In the space between stimulus and response, we give ourselves a gift. First, this space can avoid any behavior we may come to regret, either in what we say or what we agree to. We’ve all been there, rehearsing later in our heads how we could have better handled a situation. It can save us from any number of less than constructive reactions. Second, we can become aware of several things, such as “What am I thinking right now?”, or perhaps more importantly, “What am I feeling right now? What do I really want to experience? What kind of person am I?”
Once we pause, here are the basic options. We can remain a victim to what’s happening, avoid it, change it, shift our perspective of it, or accept it. What will we choose?
PAUSE is the opportunity for our freedom and growth, if played right. We can become free of unwanted emotions we may be having, like resentment or frustration. We can opt for a better feeling thought about what’s happening, or we can have the presence of mind to leave the encounter if it means our safety- emotionally or physically- or if we need time to think before acting. Pause lets us see, too, if we are sweeping things under the rug for this occasion, knowing they will come back again. We consider the shift to what’s really important and what would bring the most satisfaction.

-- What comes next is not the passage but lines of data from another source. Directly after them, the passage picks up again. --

(* Let $(\mathcal{E},[\cdot,\cdot]_{\mathcal{E}})$ be a Leibniz algebra over a field $\mathbb{K}$ and $\omega:\mathcal{E}\otimes\mathcal{E}\to\mathbb{K}$ a bilinear map such that $\mathbb{K}\oplus\mathcal{E}$ with bracket $[(a,x),(b,y)]_\omega=(\omega(x,y),[x,y]_{\mathcal{E}})$ is a Leibniz algebra (a central extension of $\mathcal{E}$ by $\mathbb{K}$). Then $R^{Lei}:(\mathbb{K}\oplus\mathcal{E})^{\otimes2}\to(\mathbb{K}\oplus\mathcal{E})^{\otimes2}$, $R^{Lei}((a,x)\otimes(b,y))=(b,y)\otimes(a,x)+(1,0)\otimes(\omega(x,y),[x,y]_{\mathcal{E}})$, is a solution of the Yang-Baxter equation. Moreover, if $\omega_1,\omega_2$ are two such maps and the central extensions $(\mathbb{K}\oplus\mathcal{E},[\cdot,\cdot]_{\omega_1})$ and $(\mathbb{K}\oplus\mathcal{E},[\cdot,\cdot]_{\omega_2})$ are isomorphic via $\theta$, then the induced solutions $R^{Lei}_1,R^{Lei}_2$ satisfy $(\theta\otimes\theta)R^{Lei}_1=R^{Lei}_2(\theta\otimes\theta)$.
   Context: A (right) Leibniz algebra is a vector space with bilinear bracket satisfying $[[x,y],z]=[[x,z],y]+[x,[y,z]]$. Isomorphism of central extensions: a Leibniz algebra homomorphism $\theta:(\mathbb{K}\oplus\mathcal{E},[\cdot,\cdot]_{\omega_1})\to(\mathbb{K}\oplus\mathcal{E},[\cdot,\cdot]_{\omega_2})$ with $\theta\circ i=i$ and $p\circ\theta=p$, where $i(a)=(a,0)$ and $p(a,x)=x$. A solution of the Yang-Baxter equation on $V$ is an invertible linear $R:V\otimes V\to V\otimes V$ with $(R\otimes\mathrm{Id})(\mathrm{Id}\otimes R)(R\otimes\mathrm{Id})=(\mathrm{Id}\otimes R)(R\otimes\mathrm{Id})(\mathrm{Id}\otimes R)$. *)

theory Defs
  imports Complex_Main "HOL-Library.Function_Algebras" "HOL-Library.Product_Plus"
begin

definition bilinear_map ::
  "('k::field \<Rightarrow> 'a::ab_group_add \<Rightarrow> 'a) \<Rightarrow> ('k \<Rightarrow> 'b::ab_group_add \<Rightarrow> 'b)
   \<Rightarrow> ('k \<Rightarrow> 'c::ab_group_add \<Rightarrow> 'c) \<Rightarrow> ('a \<Rightarrow> 'b \<Rightarrow> 'c) \<Rightarrow> bool" where
  "bilinear_map s1 s2 s3 f \<longleftrightarrow>
     (\<forall>x. Vector_Spaces.linear s2 s3 (f x)) \<and> (\<forall>y. Vector_Spaces.linear s1 s3 (\<lambda>x. f x y))"

text \<open>A (right) Leibniz algebra: vector space with a bilinear bracket satisfying
  [[x,y],z] = [[x,z],y] + [x,[y,z]].\<close>
definition leibniz_algebra ::
  "('k::field \<Rightarrow> 'v::ab_group_add \<Rightarrow> 'v) \<Rightarrow> ('v \<Rightarrow> 'v \<Rightarrow> 'v) \<Rightarrow> bool" where
  "leibniz_algebra sc br \<longleftrightarrow> vector_space sc \<and> bilinear_map sc sc sc br \<and>
     (\<forall>x y z. br (br x y) z = br (br x z) y + br x (br y z))"

definition leibniz_hom ::
  "('k::field \<Rightarrow> 'v::ab_group_add \<Rightarrow> 'v) \<Rightarrow> ('v \<Rightarrow> 'v \<Rightarrow> 'v)
   \<Rightarrow> ('k \<Rightarrow> 'w::ab_group_add \<Rightarrow> 'w) \<Rightarrow> ('w \<Rightarrow> 'w \<Rightarrow> 'w) \<Rightarrow> ('v \<Rightarrow> 'w) \<Rightarrow> bool" where
  "leibniz_hom s1 b1 s2 b2 f \<longleftrightarrow> Vector_Spaces.linear s1 s2 f \<and> (\<forall>x y. f (b1 x y) = b2 (f x) (f y))"

definition ce_scale :: "('k::field \<Rightarrow> 'e \<Rightarrow> 'e) \<Rightarrow> 'k \<Rightarrow> 'k \<times> 'e \<Rightarrow> 'k \<times> 'e" where
  "ce_scale sc c v = (c * fst v, sc c (snd v))"

definition ce_bracket :: "('e \<Rightarrow> 'e \<Rightarrow> 'k) \<Rightarrow> ('e \<Rightarrow> 'e \<Rightarrow> 'e) \<Rightarrow> 'k \<times> 'e \<Rightarrow> 'k \<times> 'e \<Rightarrow> 'k \<times> 'e" where
  "ce_bracket \<omega> br u v = (\<omega> (snd u) (snd v), br (snd u) (snd v))"

text \<open>Elements of the free vector space on lists of vectors: finitely supported
  coefficient functions. A pure tensor x1 \<otimes> ... \<otimes> xn is represented by gen [x1,...,xn].\<close>
type_synonym ('v, 'k) free = "'v list \<Rightarrow> 'k"

definition fsupp :: "('v, 'k::zero) free \<Rightarrow> 'v list set" where
  "fsupp f = {l. f l \<noteq> 0}"

definition free_elt :: "nat \<Rightarrow> ('v, 'k::zero) free \<Rightarrow> bool" where
  "free_elt n f \<longleftrightarrow> finite (fsupp f) \<and> (\<forall>l\<in>fsupp f. length l = n)"

definition gen :: "'v list \<Rightarrow> ('v, 'k::{zero,one}) free" where
  "gen xs = (\<lambda>l. if l = xs then 1 else 0)"

definition fscale :: "'k::times \<Rightarrow> ('v, 'k) free \<Rightarrow> ('v, 'k) free" where
  "fscale c f = (\<lambda>l. c * f l)"

definition tensor_rels :: "('k::field \<Rightarrow> 'v::ab_group_add \<Rightarrow> 'v) \<Rightarrow> nat \<Rightarrow> ('v, 'k) free set" where
  "tensor_rels sc n =
     {gen (p @ [x + y] @ q) - gen (p @ [x] @ q) - gen (p @ [y] @ q) | p x y q.
        length p + length q + 1 = n} \<union>
     {gen (p @ [sc c x] @ q) - fscale c (gen (p @ [x] @ q)) | p c x q.
        length p + length q + 1 = n}"

definition tensor_null :: "('k::field \<Rightarrow> 'v::ab_group_add \<Rightarrow> 'v) \<Rightarrow> nat \<Rightarrow> ('v, 'k) free set" where
  "tensor_null sc n = module.span fscale (tensor_rels sc n)"
lemma real_distribution_distr_M0:
  assumes "F \<in> M0" "v \<in> borel_measurable borel"
  shows "real_distribution (distr (interval_measure F) borel v)"
proof -
  interpret real_distribution "interval_measure F" using real_distribution_M0[OF assms(1)] .
  show ?thesis using assms(2) by (intro real_distribution_distr) (simp add: measurable_def)
qed

lemma TU_in_M0: "F \<in> M0 \<Longrightarrow> v \<in> borel_measurable borel \<Longrightarrow> TU v F \<in> M0"
  unfolding TU_eq_cdf by (rule cdf_in_M0[OF real_distribution_distr_M0])

lemma TU_eq_measure:
  assumes "F \<in> M0" "v \<in> borel_measurable borel"
  shows "TU v F y = measure (interval_measure F) {x. v x \<le> y}"
proof -
  have "v \<in> measurable (interval_measure F) borel" using assms(2) by (simp add: measurable_def)
  then have "TU v F y = measure (interval_measure F) (v -` {..y} \<inter> space (interval_measure F))"
    unfolding TU_def by (rule measure_distr) simp
  also have "v -` {..y} \<inter> space (interval_measure F) = {x. v x \<le> y}" by auto
  finally show ?thesis .
qed

lemma interval_measure_TU:
  assumes "F \<in> M0" "v \<in> borel_measurable borel"
  shows "interval_measure (TU v F) = distr (interval_measure F) borel v"
  by (rule cdf_unique)
    (simp_all add: real_distribution_M0 TU_in_M0 real_distribution_distr_M0 assms
      cdf_interval_measure_M0 TU_eq_cdf[symmetric])
lemma frame_encryption_nonce_unique:
  assumes fs: "Fn f ws \<in> frame_subterms \<sigma>" and enc: "f = Enc \<or> f = Enca"
    and nonce: "ws ! 2 = Nm r" and V: "V \<in> ran \<sigma>" "at_pos V p (Nm r)"
  shows "\<exists>q'. p = q' @ [3] \<and> at_pos V q' (Fn f ws)"
proof -
  obtain U q where U: "at_pos U q (Fn f ws)" "probabilistic_encryption (ran \<sigma>) U q"
    using frame_encryption_at[OF fs enc] by blast
  have "length ws = 3"
    using wf_term_frame_subterm[OF fs] enc by auto
  with nonce have "at_pos (Fn f ws) [3] (Nm r)"
    by (simp add: at_pos_third_arg)
  from at_pos_append[OF U(1) this] U V show ?thesis
    unfolding probabilistic_encryption_def by blast
qed

lemma frame_encryption_determined:
  assumes fs: "Fn f ws \<in> frame_subterms \<sigma>" and enc: "f = Enc \<or> f = Enca"
    and safe: "safe_term ns \<sigma> s (Fn f ts)"
    and eq: "replace_name (ts ! 2) s M = replace_name (ws ! 2 \<cdot> \<sigma>) s M"
  shows "Fn f ts = Fn f ws \<cdot> \<sigma>"
proof -
  obtain r where r: "r \<in> ns" "r \<noteq> s" "ws ! 2 = Nm r"
    using frame_encryption_nonce[OF fs enc] by blast
  note unique = frame_encryption_nonce_unique[OF fs enc r(3)]
  from eq r have eq_r: "replace_name (ts ! 2) s M = Nm r" by simp
  from safe show ?thesis
  proof (cases rule: safe_term_Fn)
    case (recipe ws')
    then have len: "length ws' = 3" using enc unfolding recipe_def by auto
    with recipe have W: "recipe ns \<sigma> (ws' ! 2)" using recipe_arg by simp
    have "ws' ! 2 \<cdot> \<sigma> \<noteq> Nm s"
      using deducible_recipe[OF W] secret by auto
    moreover have "replace_name (ws' ! 2 \<cdot> \<sigma>) s M = Nm r"
      using eq_r recipe(1) len by simp
    ultimately have ws'_r: "ws' ! 2 \<cdot> \<sigma> = Nm r"
      using replace_name_eq_Nm by blast
    show ?thesis
    proof (cases "ws' ! 2")
      case (Var y)
      with W ws'_r have "Nm r \<in> ran \<sigma>"
        using app_subst_Var_eq_Nm[of y r] unfolding recipe_def by simp
      from unique[OF this at_root] show ?thesis by simp
    next
      case (Nm n)
      with ws'_r have "occurs_name r (ws' ! 2)"
        using subterms_refl unfolding occurs_name_def by simp
      with W r(1) show ?thesis
        unfolding recipe_def public_def by blast
    qed (use ws'_r in simp_all)
  next
    case (frame ws')
    obtain r' where r': "r' \<noteq> s" "length ws' = 3" "ws' ! 2 = Nm r'"
      using frame_encryption_nonce[OF frame(2) enc] by blast
    with eq_r frame(1) have "r' = r" by simp
    with r' have third: "at_pos (Fn f ws') [3] (Nm r)"
      by (simp add: at_pos_third_arg)
    obtain V q where V: "V \<in> ran \<sigma>" "at_pos V q (Fn f ws')"
      using frame(2) unfolding frame_subterms_def subterms_def by blast
    from unique[OF V(1) at_pos_append[OF V(2) third]] have "at_pos V q (Fn f ws)"
      by auto
    with V(2) have "ws' = ws" using at_pos_unique by blast
    with frame show ?thesis by simp
  qed
qed

lemma safe_term_Fn_cases:
  assumes "safe_term ns \<sigma> s (Fn f ts)"
  obtains "\<forall>x\<in>set ts. safe_term ns \<sigma> s x"
  | ws where "f = Enc \<or> f = Enca" "ts = map (\<lambda>t. t \<cdot> \<sigma>) ws" "Fn f ws \<in> frame_subterms \<sigma>"
  using assms
proof (cases rule: safe_term_Fn)
  case (recipe ws)
  then show thesis using that safe_term_args_recipe by blast
next
  case (frame ws)
  then show thesis using that safe_term_args_frame by blast
qed

lemma replace_name_inj_safe:
  "safe_term ns \<sigma> s t1 \<Longrightarrow> safe_term ns \<sigma> s t2 \<Longrightarrow>
    replace_name t1 s M = replace_name t2 s M \<Longrightarrow> t1 = t2"
proof (induction t1 arbitrary: t2)
  case (Fn f ts1)
  have "replace_name t2 s M = Fn f (map (\<lambda>t. replace_name t s M) ts1)"
    using Fn.prems(3) by simp
  with safe_term_not_secret[OF Fn.prems(2)] obtain ts2 where t2: "t2 = Fn f ts2"
    and args: "map (\<lambda>t. replace_name t s M) ts1 = map (\<lambda>t. replace_name t s M) ts2"
    by (blast dest: replace_name_eq_Fn)
  have len: "length ts1 = length ts2"
    using map_eq_imp_length_eq[OF args] .
  have safe1: "safe_term ns \<sigma> s (Fn f ts1)" and safe2: "safe_term ns \<sigma> s (Fn f ts2)"
    using Fn.prems t2 by simp_all
  have encryption: "Fn f ts = Fn f ws \<cdot> \<sigma>"
    if "f = Enc \<or> f = Enca" "Fn f ws \<in> frame_subterms \<sigma>" "safe_term ns \<sigma> s (Fn f ts)"
      "map (\<lambda>t. replace_name t s M) ts = map (\<lambda>t. replace_name t s M) (map (\<lambda>t. t \<cdot> \<sigma>) ws)"
    for ts ws
  proof (rule frame_encryption_determined[OF that(2,1,3)])
    have "length ws = 3"
      using wf_term_frame_subterm[OF that(2)] that(1) by auto
    moreover have "length ts = length ws"
      using map_eq_imp_length_eq[OF that(4)] by simp
    ultimately show "replace_name (ts ! 2) s M = replace_name (ws ! 2 \<cdot> \<sigma>) s M"
      using arg_cong[OF that(4), of "\<lambda>l. l ! 2"] by simp
  qed
  from safe1 show ?case
  proof (cases rule: safe_term_Fn_cases)
    case args1: 1
    from safe2 show ?thesis
    proof (cases rule: safe_term_Fn_cases)
      case args2: 1
      have "ts1 = ts2"
      proof (rule nth_equalityI[OF len])
        fix i assume i: "i < length ts1"
        with len have i2: "i < length ts2" by simp
        have "replace_name (ts1 ! i) s M = replace_name (ts2 ! i) s M"
          using arg_cong[OF args, of "\<lambda>l. l ! i"] i i2 by simp
        then show "ts1 ! i = ts2 ! i"
          using Fn.IH[OF nth_mem[OF i]] args1 args2 nth_mem[OF i] nth_mem[OF i2] by blast
      qed
      with t2 show ?thesis by simp
    next
      case (2 ws)
      with safe1 args show ?thesis using encryption t2 by simp
    qed
  next
    case (2 ws)
    with safe2 args show ?thesis using encryption[of ws ts2] t2 by simp
  qed
qed (use safe_term_not_secret replace_name_inj_non_Fn in blast)+

end

theorem lemma2p7:
  fixes ns :: "nat set" and \<sigma> :: subst and s :: nat and U V M :: "term"
  assumes "is_frame ns \<sigma>"
    and "s \<in> ns"
    and "well_formed_frame ns \<sigma> s"
    and "\<not> deducible ns \<sigma> (Nm s)"
    and "wf_term U" and "wf_term V" and "wf_term M"
    and "public ns U" and "public ns V" and "public ns M"
    and "vars U \<subseteq> dom \<sigma>" and "vars V \<subseteq> dom \<sigma>"
    and "ground M"
    and "replace_name (U \<cdot> \<sigma>) s M = replace_name (V \<cdot> \<sigma>) s M"
  shows "U \<cdot> \<sigma> = V \<cdot> \<sigma>"
proof -
  interpret secret_frame ns \<sigma> s
    using assms(1,3,4) by unfold_locales
  have "safe_term ns \<sigma> s (U \<cdot> \<sigma>)" and "safe_term ns \<sigma> s (V \<cdot> \<sigma>)"
    unfolding safe_term_def recipe_def using assms by blast+
  then show ?thesis
    using replace_name_inj_safe assms(14) by blast
qed

end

Take for example, the kids who are misbehaving. Hit PAUSE. Here is your point of power because there are many options beyond what originally wants to come from you. If you picture a mirror on the forehead of each of your children and watch yourself as they see you, how would you react to you? Ah, there’s the value of a pause. You can decide who you want to be or become in that moment. You can decide the role model you want to be. Think of what you value most and act accordingly. If you want calm at bedtime, are you acting to create it in a way that is in keeping with calm? (You can’t have peace thinking thoughts of war!). Decide what’s important to you. Is it the need to be right? the need to be happy? to create harmony? to explain yourself well? Then, check to see that you behave in a manner that fits your objective.
In the end, you are creating your legacy, moment by moment, and the person you want to be. This situation has given you that opportunity. Give yourself the gift of PAUSE.